I suppose I can say that despite the sick tummy and the aches and the sleepiness, it was kind of nice to have quality cuddle time with Jack all day Monday. He was content to sit on my burbling stomach (oof!) and chew on a toy or two, or lay his little head down and suck his thumb, and although I hated to see him ill, being clsoe to him made me feel better. Now he’s suffering from a bit of Mommy Attachment Disorder, which is to say he wants to be attached to Mommy all the time . Today he went back to the babysitter, so provided he survives the day without me I’m hoping he’ll become his normal, self-sufficient little self again.
It’s been quite a few days. Phew. Although I haven’t gotten to hold and play with Ella nearly as much as I’d hoped, I have been smiling at her from across the room and she has been smiling back. Golly, that kid has a smile that wrecks you.
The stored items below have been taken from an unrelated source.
(* Let $n \geq 2$, $x \in \mathbb{R}^{n+1}$ with $|x| < 1$, and $\alpha \geq -n$. Then the weighted manifold $(S^n, g, \mu_x^{n,\alpha})$ satisfies the Curvature-Dimension condition $CD\left(n-1-\frac{n+\alpha}{4}, -\alpha\right)$.
   Context: $S^n \subset \mathbb{R}^{n+1}$ is the unit sphere with its canonical Riemannian metric $g$ (induced from the Euclidean metric $|\cdot|$ on $\mathbb{R}^{n+1}$), and $\sigma^n$ is the rotation-invariant (Haar) probability measure on $S^n$. For $n\ge 2$, $|x|<1$ and $\alpha\in\mathbb{R}$, $\mu_x^{n,\alpha}$ is the probability measure on $S^n$ given by $d\mu_x^{n,\alpha}(y) = \frac{c_x^{n,\alpha}}{|y-x|^{n+\alpha}}\, d\sigma^n(y)$, where $c_x^{n,\alpha}>0$ is the normalizing constant. Curvature-Dimension condition (tensorial definition): Let $(M^n,g)$ be a closed connected Riemannian manifold and $\mu$ a measure on $M$ with positive $C^2$ density $\Psi$ with respect to the Riemannian volume measure (equivalently, any constant multiple of it, e.g. with respect to $\sigma^n$ on the sphere). For $N \in (-\infty,\infty]$ define $\mathrm{Ric}_{g,\mu,N} := \mathrm{Ric}_g - \nabla_g^2 \log \Psi - \frac{1}{N-n} \nabla_g \log\Psi \otimes \nabla_g \log \Psi$, with conventions $1/\infty = 0$, $1/0 = +\infty$, $\infty\cdot 0 = 0$. For $\rho\in\mathbb{R}$, $(M,g,\mu)$ satisfies $CD(\rho,N)$ if $\mathrm{Ric}_{g,\mu,N} \geq \rho\, g$ as symmetric 2-tensors everywhere on $M$. (This tensorial definition is used for all $N$, including $N\in[0,n)$.) *)

theory Defs
  imports "HOL-Analysis.Analysis"
begin

text \<open>Unit sphere S^n in R^(n+1), where R^(n+1) is modelled as real^'n with CARD('n) = n+1.\<close>

definition sdim :: "'n::finite itself \<Rightarrow> real" where
  "sdim _ = real CARD('n) - 1"

definition geod :: "real^'n \<Rightarrow> real^'n \<Rightarrow> real \<Rightarrow> real^'n" where
  "geod y v t = cos (t * norm v) *\<^sub>R y + sin (t * norm v) *\<^sub>R (v /\<^sub>R norm v)"

definition sph_diff :: "(real^'n \<Rightarrow> real) \<Rightarrow> real^'n \<Rightarrow> real^'n \<Rightarrow> real" where
  "sph_diff f y v = deriv (\<lambda>t. f (geod y v t)) 0"

definition sph_hess :: "(real^'n \<Rightarrow> real) \<Rightarrow> real^'n \<Rightarrow> real^'n \<Rightarrow> real" where
  "sph_hess f y v = deriv (\<lambda>t. deriv (\<lambda>s. f (geod y v s)) t) 0"

definition sph_ric :: "'n::finite itself \<Rightarrow> real^'n \<Rightarrow> real" where
  "sph_ric T v = (sdim T - 1) * (norm v)\<^sup>2"

text \<open>The coefficient 1/(N-n) with conventions 1/infinity = 0 and 1/0 = +infinity.\<close>

definition cd_coef :: "'n::finite itself \<Rightarrow> ereal \<Rightarrow> ereal" where
  "cd_coef T N = (if N = \<infinity> \<or> N = -\<infinity> then 0
                  else if real_of_ereal N = sdim T then \<infinity>
                  else ereal (1 / (real_of_ereal N - sdim T)))"

text \<open>Weighted Ricci tensor Ric_{g,mu,N}(v,v) for the measure with density Psi (w.r.t. sigma^n);
  ereal multiplication has infinity * 0 = 0.\<close>

definition weighted_ric :: "ereal \<Rightarrow> (real^'n \<Rightarrow> real) \<Rightarrow> real^'n \<Rightarrow> real^'n \<Rightarrow> ereal" where
  "weighted_ric N \<Psi> y v =
     ereal (sph_ric TYPE('n) v - sph_hess (\<lambda>z. ln (\<Psi> z)) y v)
     - cd_coef TYPE('n) N * ereal ((sph_diff (\<lambda>z. ln (\<Psi> z)) y v)\<^sup>2)"

text \<open>CD(rho,N) for (S^n, g, Psi sigma^n): Psi positive on S^n and Ric_{g,mu,N} >= rho g as
  quadratic forms on every tangent space T_y S^n = {v. v . y = 0}.\<close>

definition CD_sphere :: "real \<Rightarrow> ereal \<Rightarrow> (real^'n \<Rightarrow> real) \<Rightarrow> bool" where
  "CD_sphere \<rho> N \<Psi> \<longleftrightarrow>
     (\<forall>y\<in>sphere 0 1. \<Psi> y > 0) \<and>
     (\<forall>y\<in>sphere 0 1. \<forall>v. v \<bullet> y = 0 \<longrightarrow> weighted_ric N \<Psi> y v \<ge> ereal (\<rho> * (norm v)\<^sup>2))"

end

theory Submission
  imports Defs
begin

text \<open>
  Along the great circle \<open>\<gamma>(t) = cos(t|v|) y + sin(t|v|) v/|v|\<close> the squared chordal distance
  \<open>h(t) = |\<gamma>(t) - x|\<^sup>2\<close> is a trigonometric polynomial, and \<open>ln \<Psi> = ln c - \<beta> ln h\<close> with
  \<open>\<beta> = (n + \<alpha>)/2\<close>. Differentiating at \<open>t = 0\<close> gives \<open>d ln \<Psi>(v) = 2\<beta> (x\<cdot>v)/D\<close> and
  \<open>Hess ln \<Psi>(v,v) = 2\<beta> (2(x\<cdot>v)\<^sup>2 - |v|\<^sup>2 (x\<cdot>y) D)/D\<^sup>2\<close>, where \<open>D = |y - x|\<^sup>2 = 1 + |x|\<^sup>2 - 2 x\<cdot>y\<close>.
  As \<open>N - n = -2\<beta>\<close>, the excess of \<open>Ric\<^sub>N(v,v)\<close> over \<open>(n - 1 - \<beta>/2)|v|\<^sup>2\<close> is
  \<open>\<beta> (|v|\<^sup>2 D\<^sup>2 + 4|v|\<^sup>2 (x\<cdot>y) D - 4(x\<cdot>v)\<^sup>2)/(2D\<^sup>2)\<close>, and by Bessel's inequality
  \<open>(x\<cdot>y)\<^sup>2|v|\<^sup>2 + (x\<cdot>v)\<^sup>2 \<le> |x|\<^sup>2|v|\<^sup>2\<close> its numerator is at least \<open>|v|\<^sup>2 (1 - |x|\<^sup>2)\<^sup>2\<close>.
\<close>

lemma norm_geod:
  fixes y v :: "real^'n"
  assumes "norm y = 1" and "v \<bullet> y = 0"
  shows "norm (geod y v t) = 1"
proof (cases "v = 0")
  case True
  then show ?thesis using assms by (simp add: geod_def)
next
  case False
  define u where "u = v /\<^sub>R norm v"
  have "u \<bullet> u = 1" "u \<bullet> y = 0" "y \<bullet> y = 1"
    using assms False by (simp_all add: u_def power2_norm_eq_inner[symmetric])
  then have "geod y v t \<bullet> geod y v t = (cos (t * norm v))\<^sup>2 + (sin (t * norm v))\<^sup>2"
    unfolding geod_def u_def[symmetric]
    by (simp add: inner_add_left inner_add_right inner_commute power2_eq_square)
  then show ?thesis by (simp add: norm_eq_sqrt_inner)
qed

lemma norm_geod_minus_sq:
  fixes x y v :: "real^'n"
  assumes "norm y = 1" and "v \<bullet> y = 0"
  shows "(norm (geod y v t - x))\<^sup>2 =
    1 + (norm x)\<^sup>2 - 2 * ((x \<bullet> y) * cos (t * norm v) + (x \<bullet> (v /\<^sub>R norm v)) * sin (t * norm v))"
proof -
  have "(norm (geod y v t - x))\<^sup>2 = (norm (geod y v t))\<^sup>2 + (norm x)\<^sup>2 - 2 * (x \<bullet> geod y v t)"
    by (simp add: power2_norm_eq_inner inner_diff_left inner_diff_right inner_commute)
  then show ?thesis
    using norm_geod[OF assms] by (simp add: geod_def inner_add_right)
qed

lemma deriv_const_minus_ln:
  fixes h h' :: "real \<Rightarrow> real"
  assumes "\<And>t. (h has_real_derivative h' t) (at t)" and "\<And>t. h t > 0"
  shows "deriv (\<lambda>t. L - \<beta> * ln (h t)) = (\<lambda>t. - \<beta> * h' t / h t)"
proof
  fix t
  have "((\<lambda>t. L - \<beta> * ln (h t)) has_real_derivative - \<beta> * h' t / h t) (at t)"
    using assms[of t] by (auto intro!: derivative_eq_intros simp: field_simps)
  then show "deriv (\<lambda>t. L - \<beta> * ln (h t)) t = - \<beta> * h' t / h t"
    by (rule DERIV_imp_deriv)
qed

lemma deriv2_const_minus_ln:
  fixes h h' h'' :: "real \<Rightarrow> real"
  assumes "\<And>t. (h has_real_derivative h' t) (at t)"
    and "\<And>t. (h' has_real_derivative h'' t) (at t)" and "\<And>t. h t > 0"
  shows "deriv (\<lambda>t. deriv (\<lambda>t. L - \<beta> * ln (h t)) t) s = - \<beta> * (h'' s * h s - (h' s)\<^sup>2) / (h s)\<^sup>2"
proof -
  have "((\<lambda>t. - \<beta> * h' t / h t) has_real_derivative - \<beta> * (h'' s * h s - (h' s)\<^sup>2) / (h s)\<^sup>2) (at s)"
    using assms(1,2)[of s] assms(3)[of s]
    by (auto intro!: derivative_eq_intros simp: field_simps power2_eq_square)
  then show ?thesis
    unfolding deriv_const_minus_ln[OF assms(1,3)] by (rule DERIV_imp_deriv)
qed

lemma inner_sq_add_inner_sq_le:
  fixes x y v :: "'a::real_inner"
  assumes "norm y = 1" and "v \<bullet> y = 0"
  shows "(x \<bullet> y)\<^sup>2 * (norm v)\<^sup>2 + (x \<bullet> v)\<^sup>2 \<le> (norm x)\<^sup>2 * (norm v)\<^sup>2"
proof -
  define z where "z = x - (x \<bullet> y) *\<^sub>R y"
  have "y \<bullet> y = 1"
    using assms(1) by (simp add: power2_norm_eq_inner[symmetric])
  then have z_sq: "(norm z)\<^sup>2 = (norm x)\<^sup>2 - (x \<bullet> y)\<^sup>2"
    unfolding power2_norm_eq_inner z_def
    by (simp add: inner_diff_left inner_diff_right inner_commute power2_eq_square)
  have "(x \<bullet> v)\<^sup>2 = (z \<bullet> v)\<^sup>2"
    using assms(2) by (simp add: z_def inner_diff_left inner_diff_right inner_commute)
  also have "\<dots> \<le> (norm z)\<^sup>2 * (norm v)\<^sup>2"
    by (metis Cauchy_Schwarz_ineq2 abs_le_square_iff power_mult_distrib abs_mult abs_norm_cancel)
  finally show ?thesis
    unfolding z_sq by (simp add: algebra_simps)
qed

lemma sph_derivs_ln_chordal_density:
  fixes x y v :: "real^'n" and c \<beta> :: real
  assumes "norm x < 1" and "norm y = 1" and "v \<bullet> y = 0" and "c > 0"
  defines "\<Psi> \<equiv> \<lambda>z. c / norm (z - x) powr (2 * \<beta>)" and "D \<equiv> (norm (y - x))\<^sup>2"
  shows "sph_diff (\<lambda>z. ln (\<Psi> z)) y v = 2 * \<beta> * (x \<bullet> v) / D"
    and "sph_hess (\<lambda>z. ln (\<Psi> z)) y v =
           2 * \<beta> * (2 * (x \<bullet> v)\<^sup>2 - (norm v)\<^sup>2 * (x \<bullet> y) * D) / D\<^sup>2"
proof -
  define w a b where "w = norm v" and "a = x \<bullet> y" and "b = x \<bullet> (v /\<^sub>R norm v)"
  define h where "h t = 1 + (norm x)\<^sup>2 - 2 * (a * cos (t * w) + b * sin (t * w))" for t
  define h' where "h' t = 2 * w * (a * sin (t * w) - b * cos (t * w))" for t
  define h'' where "h'' t = 2 * w\<^sup>2 * (a * cos (t * w) + b * sin (t * w))" for t
  have h_eq: "h t = (norm (geod y v t - x))\<^sup>2" for t
    using norm_geod_minus_sq[OF assms(2,3)] by (simp add: h_def w_def a_def b_def)
  have geod_ne: "geod y v t \<noteq> x" for t
    using norm_geod[OF assms(2,3)] assms(1) by auto
  then have h_pos: "h t > 0" for t
    by (simp add: h_eq)
  have h_deriv: "(h has_real_derivative h' t) (at t)" for t
    unfolding h_def h'_def by (auto intro!: derivative_eq_intros simp: algebra_simps)
  have h'_deriv: "(h' has_real_derivative h'' t) (at t)" for t
    unfolding h'_def h''_def by (auto intro!: derivative_eq_intros simp: algebra_simps power2_eq_square)
  have ln_\<Psi>: "(\<lambda>t. ln (\<Psi> (geod y v t))) = (\<lambda>t. ln c - \<beta> * ln (h t))"
  proof
    fix t
    show "ln (\<Psi> (geod y v t)) = ln c - \<beta> * ln (h t)"
      using geod_ne[of t] assms(4)
      by (simp add: \<Psi>_def h_eq ln_div ln_realpow)
  qed
  have wb: "w * b = x \<bullet> v"
    by (cases "v = 0") (simp_all add: w_def b_def)
  have at_0: "h 0 = D" "h' 0 = - 2 * (x \<bullet> v)" "h'' 0 = 2 * w\<^sup>2 * a"
    using h_eq[of 0] wb by (simp_all add: geod_def D_def h'_def h''_def)
  show "sph_diff (\<lambda>z. ln (\<Psi> z)) y v = 2 * \<beta> * (x \<bullet> v) / D"
    unfolding sph_diff_def ln_\<Psi> deriv_const_minus_ln[OF h_deriv h_pos] at_0 by simp
  show "sph_hess (\<lambda>z. ln (\<Psi> z)) y v =
          2 * \<beta> * (2 * (x \<bullet> v)\<^sup>2 - (norm v)\<^sup>2 * (x \<bullet> y) * D) / D\<^sup>2"
    unfolding sph_hess_def ln_\<Psi> deriv2_const_minus_ln[OF h_deriv h'_deriv h_pos] at_0
    by (simp add: w_def a_def algebra_simps power2_eq_square)
qed

lemma chordal_ricci_ineq:
  fixes \<beta> a p q D X :: real
  assumes "\<beta> > 0" and "q \<ge> 0" and "D = 1 + X - 2 * a" and "D > 0"
    and "a\<^sup>2 * q + p\<^sup>2 \<le> X * q"
  shows "(m - 1 - \<beta> / 2) * q \<le>
           (m - 1) * q - 2 * \<beta> * (2 * p\<^sup>2 - q * a * D) / D\<^sup>2 + (2 * \<beta> * p / D)\<^sup>2 / (2 * \<beta>)"
proof -
  have "q * D\<^sup>2 + 4 * q * a * D - 4 * p\<^sup>2 = q * (1 + X)\<^sup>2 - 4 * (a\<^sup>2 * q + p\<^sup>2)"
    unfolding assms(3) by (simp add: algebra_simps power2_eq_square)
  also have "\<dots> \<ge> q * (1 + X)\<^sup>2 - 4 * (X * q)"
    using assms(5) by simp
  moreover have "q * (1 + X)\<^sup>2 - 4 * (X * q) = q * (1 - X)\<^sup>2"
    by (simp add: algebra_simps power2_eq_square)
  ultimately have key: "0 \<le> q * D\<^sup>2 + 4 * q * a * D - 4 * p\<^sup>2"
    using assms(2) by (metis zero_le_mult_iff zero_le_power2 order.trans)
  have "(m - 1) * q - 2 * \<beta> * (2 * p\<^sup>2 - q * a * D) / D\<^sup>2 + (2 * \<beta> * p / D)\<^sup>2 / (2 * \<beta>)
          - (m - 1 - \<beta> / 2) * q = \<beta> * (q * D\<^sup>2 + 4 * q * a * D - 4 * p\<^sup>2) / (2 * D\<^sup>2)"
    using assms(1,4) by (simp add: field_simps power2_eq_square)
  also have "\<dots> \<ge> 0"
    using key assms(1) by simp
  finally show ?thesis by simp
qed

lemma weighted_ric_chordal_density_ge:
  fixes x y v :: "real^'n" and c \<beta> :: real
  assumes "norm x < 1" and "norm y = 1" and "v \<bullet> y = 0" and "c > 0" and "\<beta> \<ge> 0"
  shows "ereal ((sdim TYPE('n) - 1 - \<beta> / 2) * (norm v)\<^sup>2) \<le>
           weighted_ric (ereal (sdim TYPE('n) - 2 * \<beta>)) (\<lambda>z. c / norm (z - x) powr (2 * \<beta>)) y v"
proof -
  define D where "D = (norm (y - x))\<^sup>2"
  note derivs = sph_derivs_ln_chordal_density[OF assms(1-4), of \<beta>, folded D_def]
  have ric: "sph_ric TYPE('n) v = (sdim TYPE('n) - 1) * (norm v)\<^sup>2"
    by (simp add: sph_ric_def)
  show ?thesis
  proof (cases "\<beta> = 0")
    case True
    \<comment> \<open>Here \<open>N = n\<close>, so the coefficient is \<open>\<infinity>\<close>; it multiplies \<open>(d ln \<Psi>)\<^sup>2 = 0\<close>, and \<open>\<infinity> * 0 = 0\<close>.\<close>
    then show ?thesis
      unfolding weighted_ric_def derivs ric by (simp add: cd_coef_def)
  next
    case False
    then have "\<beta> > 0" using assms(5) by simp
    have "y \<bullet> y = 1"
      using assms(2) by (simp add: power2_norm_eq_inner[symmetric])
    then have D_eq: "D = 1 + (norm x)\<^sup>2 - 2 * (x \<bullet> y)"
      unfolding D_def power2_norm_eq_inner
      by (simp add: inner_diff_left inner_diff_right inner_commute)
    have "D > 0"
      using assms(1,2) by (auto simp: D_def)
    have "cd_coef TYPE('n) (ereal (sdim TYPE('n) - 2 * \<beta>)) = ereal (- 1 / (2 * \<beta>))"
      using \<open>\<beta> > 0\<close> by (simp add: cd_coef_def)
    then show ?thesis
      using chordal_ricci_ineq[OF \<open>\<beta> > 0\<close> _ D_eq \<open>D > 0\<close> inner_sq_add_inner_sq_le[OF assms(2,3)], of "sdim TYPE('n)"]
      unfolding weighted_ric_def derivs ric by simp
  qed
qed

theorem theorem1p1:
  fixes x :: "real^'n" and \<alpha> c :: real
  assumes "CARD('n) \<ge> 3"
    and "norm x < 1"
    and "\<alpha> \<ge> - sdim TYPE('n)"
    and "c > 0"
  shows "CD_sphere (sdim TYPE('n) - 1 - (sdim TYPE('n) + \<alpha>) / 4) (ereal (- \<alpha>))
           (\<lambda>y. c / norm (y - x) powr (sdim TYPE('n) + \<alpha>))"
proof -
  \<comment> \<open>The bound holds in every dimension.\<close>
  define \<beta> where "\<beta> = (sdim TYPE('n) + \<alpha>) / 2"
  have "\<beta> \<ge> 0"
    using assms(3) by (simp add: \<beta>_def)
  have params: "sdim TYPE('n) + \<alpha> = 2 * \<beta>" "- \<alpha> = sdim TYPE('n) - 2 * \<beta>"
    "sdim TYPE('n) - 1 - (sdim TYPE('n) + \<alpha>) / 4 = sdim TYPE('n) - 1 - \<beta> / 2"
    by (simp_all add: \<beta>_def field_simps)
  have "c / norm (y - x) powr (2 * \<beta>) > 0" if "y \<in> sphere 0 1" for y
  proof -
    have "y \<noteq> x"
      using that assms(2) by auto
    then show ?thesis
      using assms(4) by simp
  qed
  then show ?thesis
    unfolding CD_sphere_def params
    using weighted_ric_chordal_density_ge[OF assms(2) _ _ assms(4) \<open>\<beta> \<ge> 0\<close>] by simp
qed

end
A toothless grin that spreads across her whole tiny, elfin little face, it just melts my heart. She’s really starting to develop a little personality, and it is as mellow and sweet as can be. I love social babies, and I feel so lucky that both my own boy and my little niece are such enthusiastic, people lovin’, smile-crazy babies. Maybe next time we see her I won’t be a germ farm and can play with her some more.
So that’s the update. I hope you readers give this one a miss – man, Sunday night rates as one of the Top Ten Worst Nights of My Life*. Wish my MIL luck in getting through it herself. I’ll be back with non-puke related news later in the week!
*I almost was going to write a blog post with that title, and then decided it was not a topic that I wanted to recall, nor was it one that many people would want to read.